- Outfielder
- Born: May 11, 1964 (age 62) Chicago, Illinois, U.S.
- Batted: RightThrew: Right

MLB debut
- July 7, 1994, for the Colorado Rockies

Last MLB appearance
- June 27, 2003, for the Chicago Cubs

MLB statistics
- Batting average: .257
- Home runs: 16
- Runs batted in: 72
- Stats at Baseball Reference

Teams
- Colorado Rockies (1994–1996); San Francisco Giants (1996); Cleveland Indians (1997); Los Angeles Dodgers (1998–1999); Atlanta Braves (2000); Baltimore Orioles (2000); Kansas City Royals (2001); San Diego Padres (2002); Chicago Cubs (2003);

= Trenidad Hubbard =

American baseball player (born 1964)

Trenidad Aviel Hubbard (born Trent Hubbard, May 11, 1964) is an American former Major League Baseball journeyman outfielder. He is an alumnus of Southern University and A&M College.

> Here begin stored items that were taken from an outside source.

(* For any trace-free statistical structure $(g,\nabla)$ on $M$ and any $g$-orthonormal frame $e_1,\dots,e_n$ at a point, $$\sum_{i,j=1}^n\nabla^2g(e_i,e_i,e_j,e_j)=g(\nabla g,\nabla g).$$
   Context: A statistical structure is a pair $(g,\nabla)$, $g$ a positive definite Riemannian metric, $\nabla$ torsion-free with $(\nabla_X g)(Y,Z)=(\nabla_Y g)(X,Z)$; it is trace-free if $\nabla\nu_g=0$ ($\nu_g$ the Riemannian volume form). Here $\nabla g(X,Y,Z)=(\nabla_Xg)(Y,Z)$, $\nabla^2g(X,Y,Z,W)=(\nabla_X(\nabla g))(Y,Z,W)$, and $g(\nabla g,\nabla g)=\sum_{i,j,k}\nabla g(e_i,e_j,e_k)^2$. *)

theory Defs
  imports "HOL-Analysis.Analysis"
begin

text \<open>Local (chart) description of a statistical structure on an open set U of R^n.
  Tangent vectors at a point are vectors in real^'n; the coordinate vector fields are
  axis i 1.  The metric is given by components G x i j = g(d_i,d_j) and the connection by
  Christoffel symbols Gam x i j l, meaning nabla_{d_i} d_j = sum_l Gam x i j l d_l.\<close>

definition pd :: "'n::finite \<Rightarrow> (real^'n \<Rightarrow> real) \<Rightarrow> real^'n \<Rightarrow> real" where
  "pd i f x = frechet_derivative f (at x) (axis i 1)"

text \<open>Components of nabla g: (nabla g)_{ijk} = (nabla_{d_i} g)(d_j,d_k).\<close>
definition nabla_g ::
  "(real^'n \<Rightarrow> 'n::finite \<Rightarrow> 'n \<Rightarrow> real) \<Rightarrow> (real^'n \<Rightarrow> 'n \<Rightarrow> 'n \<Rightarrow> 'n \<Rightarrow> real)
    \<Rightarrow> real^'n \<Rightarrow> 'n \<Rightarrow> 'n \<Rightarrow> 'n \<Rightarrow> real" where
  "nabla_g G Gam x i j k =
     pd i (\<lambda>y. G y j k) x
     - (\<Sum>l\<in>UNIV. Gam x i j l * G x l k)
     - (\<Sum>l\<in>UNIV. Gam x i k l * G x j l)"

text \<open>Components of nabla^2 g: (nabla^2 g)_{hijk} = (nabla_{d_h}(nabla g))(d_i,d_j,d_k).\<close>
definition nabla2_g ::
  "(real^'n \<Rightarrow> 'n::finite \<Rightarrow> 'n \<Rightarrow> real) \<Rightarrow> (real^'n \<Rightarrow> 'n \<Rightarrow> 'n \<Rightarrow> 'n \<Rightarrow> real)
    \<Rightarrow> real^'n \<Rightarrow> 'n \<Rightarrow> 'n \<Rightarrow> 'n \<Rightarrow> 'n \<Rightarrow> real" where
  "nabla2_g G Gam x h i j k =
     pd h (\<lambda>y. nabla_g G Gam y i j k) x
     - (\<Sum>l\<in>UNIV. Gam x h i l * nabla_g G Gam x l j k)
     - (\<Sum>l\<in>UNIV. Gam x h j l * nabla_g G Gam x i l k)
     - (\<Sum>l\<in>UNIV. Gam x h k l * nabla_g G Gam x i j l)"

definition ev2 :: "('n::finite \<Rightarrow> 'n \<Rightarrow> real) \<Rightarrow> real^'n \<Rightarrow> real^'n \<Rightarrow> real" where
  "ev2 T X Y = (\<Sum>i\<in>UNIV. \<Sum>j\<in>UNIV. X$i * Y$j * T i j)"

definition ev3 :: "('n::finite \<Rightarrow> 'n \<Rightarrow> 'n \<Rightarrow> real) \<Rightarrow> real^'n \<Rightarrow> real^'n \<Rightarrow> real^'n \<Rightarrow> real" where
  "ev3 T X Y Z = (\<Sum>i\<in>UNIV. \<Sum>j\<in>UNIV. \<Sum>k\<in>UNIV. X$i * Y$j * Z$k * T i j k)"

definition ev4 :: "('n::finite \<Rightarrow> 'n \<Rightarrow> 'n \<Rightarrow> 'n \<Rightarrow> real)
    \<Rightarrow> real^'n \<Rightarrow> real^'n \<Rightarrow> real^'n \<Rightarrow> real^'n \<Rightarrow> real" where
  "ev4 T W X Y Z = (\<Sum>h\<in>UNIV. \<Sum>i\<in>UNIV. \<Sum>j\<in>UNIV. \<Sum>k\<in>UNIV.
      W$h * X$i * Y$j * Z$k * T h i j k)"

text \<open>Metric matrix and the density of the Riemannian volume form
  nu_g = sqrt(det g) dx^1 \<and> ... \<and> dx^n.\<close>
definition gmat :: "(real^'n \<Rightarrow> 'n::finite \<Rightarrow> 'n \<Rightarrow> real) \<Rightarrow> real^'n \<Rightarrow> real^'n^'n" where
  "gmat G x = (\<chi> i j. G x i j)"

definition vol_density :: "(real^'n \<Rightarrow> 'n::finite \<Rightarrow> 'n \<Rightarrow> real) \<Rightarrow> real^'n \<Rightarrow> real" where
  "vol_density G x = sqrt (det (gmat G x))"

definition statistical_structure ::
  "(real^'n) set \<Rightarrow> (real^'n \<Rightarrow> 'n::finite \<Rightarrow> 'n \<Rightarrow> real) \<Rightarrow> (real^'n \<Rightarrow> 'n \<Rightarrow> 'n \<Rightarrow> 'n \<Rightarrow> real) \<Rightarrow> bool"
  where
  "statistical_structure U G Gam \<longleftrightarrow>
     open U \<and>
     \<comment> \<open>regularity: g of class (at least) twice differentiable, nabla differentiable\<close>
     (\<forall>x\<in>U. \<forall>j k. (\<lambda>y. G y j k) differentiable (at x)) \<and>
     (\<forall>x\<in>U. \<forall>i j k. (\<lambda>y. pd i (\<lambda>z. G z j k) y) differentiable (at x)) \<and>
     (\<forall>x\<in>U. \<forall>i j l. (\<lambda>y. Gam y i j l) differentiable (at x)) \<and>
     \<comment> \<open>g is a positive definite Riemannian metric\<close>
     (\<forall>x\<in>U. \<forall>i j. G x i j = G x j i) \<and>
     (\<forall>x\<in>U. \<forall>v::real^'n. v \<noteq> 0 \<longrightarrow> ev2 (G x) v v > 0) \<and>
     \<comment> \<open>nabla is torsion-free\<close>
     (\<forall>x\<in>U. \<forall>i j l. Gam x i j l = Gam x j i l) \<and>
     \<comment> \<open>Codazzi condition (nabla_X g)(Y,Z) = (nabla_Y g)(X,Z)\<close>
     (\<forall>x\<in>U. \<forall>i j k. nabla_g G Gam x i j k = nabla_g G Gam x j i k)"

text \<open>Trace-free: nabla nu_g = 0.  In coordinates,
  nabla_{d_i} (f dx^1\<and>...\<and>dx^n) = (d_i f - f * sum_l Gam^l_{il}) dx^1\<and>...\<and>dx^n
  with f the density of nu_g.\<close>
definition trace_free ::
  "(real^'n) set \<Rightarrow> (real^'n \<Rightarrow> 'n::finite \<Rightarrow> 'n \<Rightarrow> real) \<Rightarrow> (real^'n \<Rightarrow> 'n \<Rightarrow> 'n \<Rightarrow> 'n \<Rightarrow> real) \<Rightarrow> bool"
  where
  "trace_free U G Gam \<longleftrightarrow>
     (\<forall>x\<in>U. \<forall>i. pd i (vol_density G) x - vol_density G x * (\<Sum>l\<in>UNIV. Gam x i l l) = 0)"

end

(*
  Write C = nabla g, so C_ijk = (nabla_i g)(d_j, d_k), and g^jk for the inverse metric.
  By Jacobi's formula for the derivative of det g, the condition nabla nu_g = 0 says exactly
  that g^jk C_ijk = 0 for every i. Differentiating this identity in the direction d_h and
  using nabla_h g^-1 = - g^-1 (nabla_h g) g^-1 gives g^jk (nabla^2 g)_hijk = g^mj g^nk C_hmn C_ijk.
  For a g-orthonormal frame the sum of e_a (x) e_a is g^-1, so the two frame sums of the theorem
  are the full contractions g^hi g^jk (nabla^2 g)_hijk and g^hi g^mj g^nk C_hmn C_ijk, which
  agree by the previous identity. Apart from symmetry and nondegeneracy of g only nabla nu_g = 0
  is used: neither torsion-freeness nor the Codazzi condition plays a role.
*)
theory Submission
  imports Defs
begin

lemma pd_eqI: "(f has_derivative f') (at x) \<Longrightarrow> pd i f x = f' (axis i 1)"
  unfolding pd_def by (metis frechet_derivative_at)

lemma pd_cong_open:
  assumes "open U" "x \<in> U" "\<And>y. y \<in> U \<Longrightarrow> f y = g y"
  shows "pd i f x = pd i g x"
proof -
  have "(f has_derivative D) (at x) \<longleftrightarrow> (g has_derivative D) (at x)" for D
    using has_derivative_transform_within_open[OF _ assms(1,2)] assms(3) by metis
  then show ?thesis
    unfolding pd_def frechet_derivative_def by simp
qed

lemma pd_const: "pd i (\<lambda>y. c::real) x = 0"
  by (metis pd_eqI has_derivative_const)

lemma pd_locally_const:
  assumes "open U" "x \<in> U" "\<And>y. y \<in> U \<Longrightarrow> f y = c"
  shows "pd i f x = 0"
  using pd_cong_open[OF assms] pd_const by simp

lemma pd_sum:
  assumes "\<And>s. s \<in> S \<Longrightarrow> f s differentiable (at x)"
  shows "pd i (\<lambda>y. \<Sum>s\<in>S. f s y) x = (\<Sum>s\<in>S. pd i (f s) x)"
  unfolding pd_def
  by (rule pd_eqI[unfolded pd_def, OF has_derivative_sum]) (use assms frechet_derivative_works in blast)

lemma pd_mult:
  fixes f g :: "real^'n::finite \<Rightarrow> real"
  assumes "f differentiable (at x)" "g differentiable (at x)"
  shows "pd i (\<lambda>y. f y * g y) x = pd i f x * g x + f x * pd i g x"
  using pd_eqI[OF has_derivative_mult[OF assms[unfolded frechet_derivative_works]]]
  by (simp add: pd_def)

(* Isabelle's sqrt is odd, so this also holds where f x < 0: nondegeneracy of g is all that is
   needed below, not positivity of det g. *)
lemma pd_sqrt:
  fixes f :: "real^'n::finite \<Rightarrow> real"
  assumes "f differentiable (at x)" "f x \<noteq> 0"
  shows "pd i (\<lambda>y. sqrt (f y)) x = pd i f x / (2 * sqrt \<bar>f x\<bar>)"
proof -
  have "DERIV sqrt (f x) :> inverse (sqrt \<bar>f x\<bar>) / 2"
    by (rule DERIV_real_sqrt_generic) (use assms(2) in \<open>auto simp: real_sqrt_minus\<close>)
  from pd_eqI[OF has_derivative_compose[OF assms(1)[unfolded frechet_derivative_works]
      has_field_derivative_imp_has_derivative[OF this]]]
  have "pd i (\<lambda>y. sqrt (f y)) x = inverse (sqrt \<bar>f x\<bar>) * pd i f x / 2"
    by (simp add: pd_def)
  then show ?thesis
    using assms(2) by (simp add: field_simps)
qed

definition cofactor :: "real^'n^'n \<Rightarrow> 'n::finite \<Rightarrow> 'n \<Rightarrow> real" where
  "cofactor A k j = det (\<chi> i. if i = k then axis j 1 else A $ i)"

lemma det_replace_row:
  "det (\<chi> i. if i = k then v else A $ i) = (\<Sum>j\<in>UNIV. v $ j * cofactor A k j)"
proof -
  have "det (\<chi> i. if i = k then v else A $ i)
      = det (\<chi> i. if i = k then (\<Sum>j\<in>UNIV. v $ j *s axis j 1) else A $ i)"
    unfolding basis_expansion ..
  also have "\<dots> = (\<Sum>j\<in>UNIV. v $ j * cofactor A k j)"
    unfolding det_linear_row_sum[OF finite] det_row_mul cofactor_def ..
  finally show ?thesis .
qed

lemma sum_mult_cofactor:
  "(\<Sum>j\<in>UNIV. A $ m $ j * cofactor A k j) = (if m = k then det A else 0)"
proof -
  have "(\<Sum>j\<in>UNIV. A $ m $ j * cofactor A k j) = det (\<chi> i. if i = k then A $ m else A $ i)"
    by (simp add: det_replace_row)
  also have "\<dots> = (if m = k then det A else 0)"
  proof (cases "m = k")
    case True
    then have "(\<chi> i. if i = k then A $ m else A $ i) = A"
      by (auto simp: vec_eq_iff)
    with True show ?thesis
      by simp
  next
    case False
    then show ?thesis
      by (auto intro: det_identical_rows[of k m] simp: row_def)
  qed
  finally show ?thesis .
qed

lemma det_replace_row_permutations:
  "det (\<chi> i. if i = k then v else A $ i)
     = (\<Sum>p | p permutes (UNIV::'n::finite set). of_int (sign p) * (v $ p k * (\<Prod>i\<in>UNIV-{k}. A $ i $ p i)))"
  unfolding det_def by (simp add: if_distrib[of "\<lambda>r. r $ _"] prod.delta_remove cong: if_cong)

lemma has_derivative_det:
  fixes M :: "'a::real_normed_vector \<Rightarrow> real^'n::finite^'n"
  assumes "\<And>r c. ((\<lambda>y. M y $ r $ c) has_derivative M' r c) (at x)"
  shows "((\<lambda>y. det (M y)) has_derivative
           (\<lambda>h. \<Sum>k\<in>UNIV. \<Sum>c\<in>UNIV. M' k c h * cofactor (M x) k c)) (at x)"
proof -
  let ?P = "{p. p permutes (UNIV::'n set)}"
  have "((\<lambda>y. det (M y)) has_derivative (\<lambda>h. \<Sum>p\<in>?P. of_int (sign p) *
          (\<Sum>k\<in>UNIV. M' k (p k) h * (\<Prod>i\<in>UNIV-{k}. M x $ i $ p i)))) (at x)"
    unfolding det_def by (intro has_derivative_sum has_derivative_mult_right has_derivative_prod assms)
  moreover have "(\<Sum>p\<in>?P. of_int (sign p) * (\<Sum>k\<in>UNIV. M' k (p k) h * (\<Prod>i\<in>UNIV-{k}. M x $ i $ p i)))
      = (\<Sum>k\<in>UNIV. \<Sum>c\<in>UNIV. M' k c h * cofactor (M x) k c)" for h
  proof -
    have "(\<Sum>p\<in>?P. of_int (sign p) * (\<Sum>k\<in>UNIV. M' k (p k) h * (\<Prod>i\<in>UNIV-{k}. M x $ i $ p i)))
        = (\<Sum>k\<in>UNIV. det (\<chi> i. if i = k then (\<chi> c. M' k c h) else M x $ i))"
      unfolding det_replace_row_permutations
      by (simp add: sum_distrib_left sum.swap[of _ ?P])
    then show ?thesis
      by (simp add: det_replace_row)
  qed
  ultimately show ?thesis
    by simp
qed

lemma differentiable_det:
  fixes M :: "'a::real_normed_vector \<Rightarrow> real^'n::finite^'n"
  assumes "\<And>r c. (\<lambda>y. M y $ r $ c) differentiable (at x)"
  shows "(\<lambda>y. det (M y)) differentiable (at x)"
  using has_derivative_det[OF assms[unfolded frechet_derivative_works]] by (rule differentiableI)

Drafted by the Houston Astros in the 12th round of the 1986 MLB amateur draft, Hubbard made his major league debut with the Colorado Rockies on July 7, 1994, at age 30. He had two plate appearances for the Rockies in the 1995 National League division playoffs.

After signing with the Los Angeles Dodgers as a free agent on December 3, 1997, Hubbard had his best season in the majors. Appearing in 94 games, he hit .298 with nine stolen bases and seven home runs.

Hubbard finished his MLB career with 196 hits and a batting average of .257. In parts of 19 seasons in the minor leagues, he recorded 1,864 hits and a batting average of .302.

Hubbard was primarily an outfielder, but occasionally logged in some games in the infield. In one game against the Seattle Mariners in 1999, he played the last three innings at catcher after a brawl injured Angel Peña and led to the ejection of Todd Hundley.

Hubbard last played professional baseball in 2005, when he split the season among three class AAA teams, the Durham Bulls, Round Rock Express, and Iowa Cubs. He is a graduate of South Shore High School in Chicago.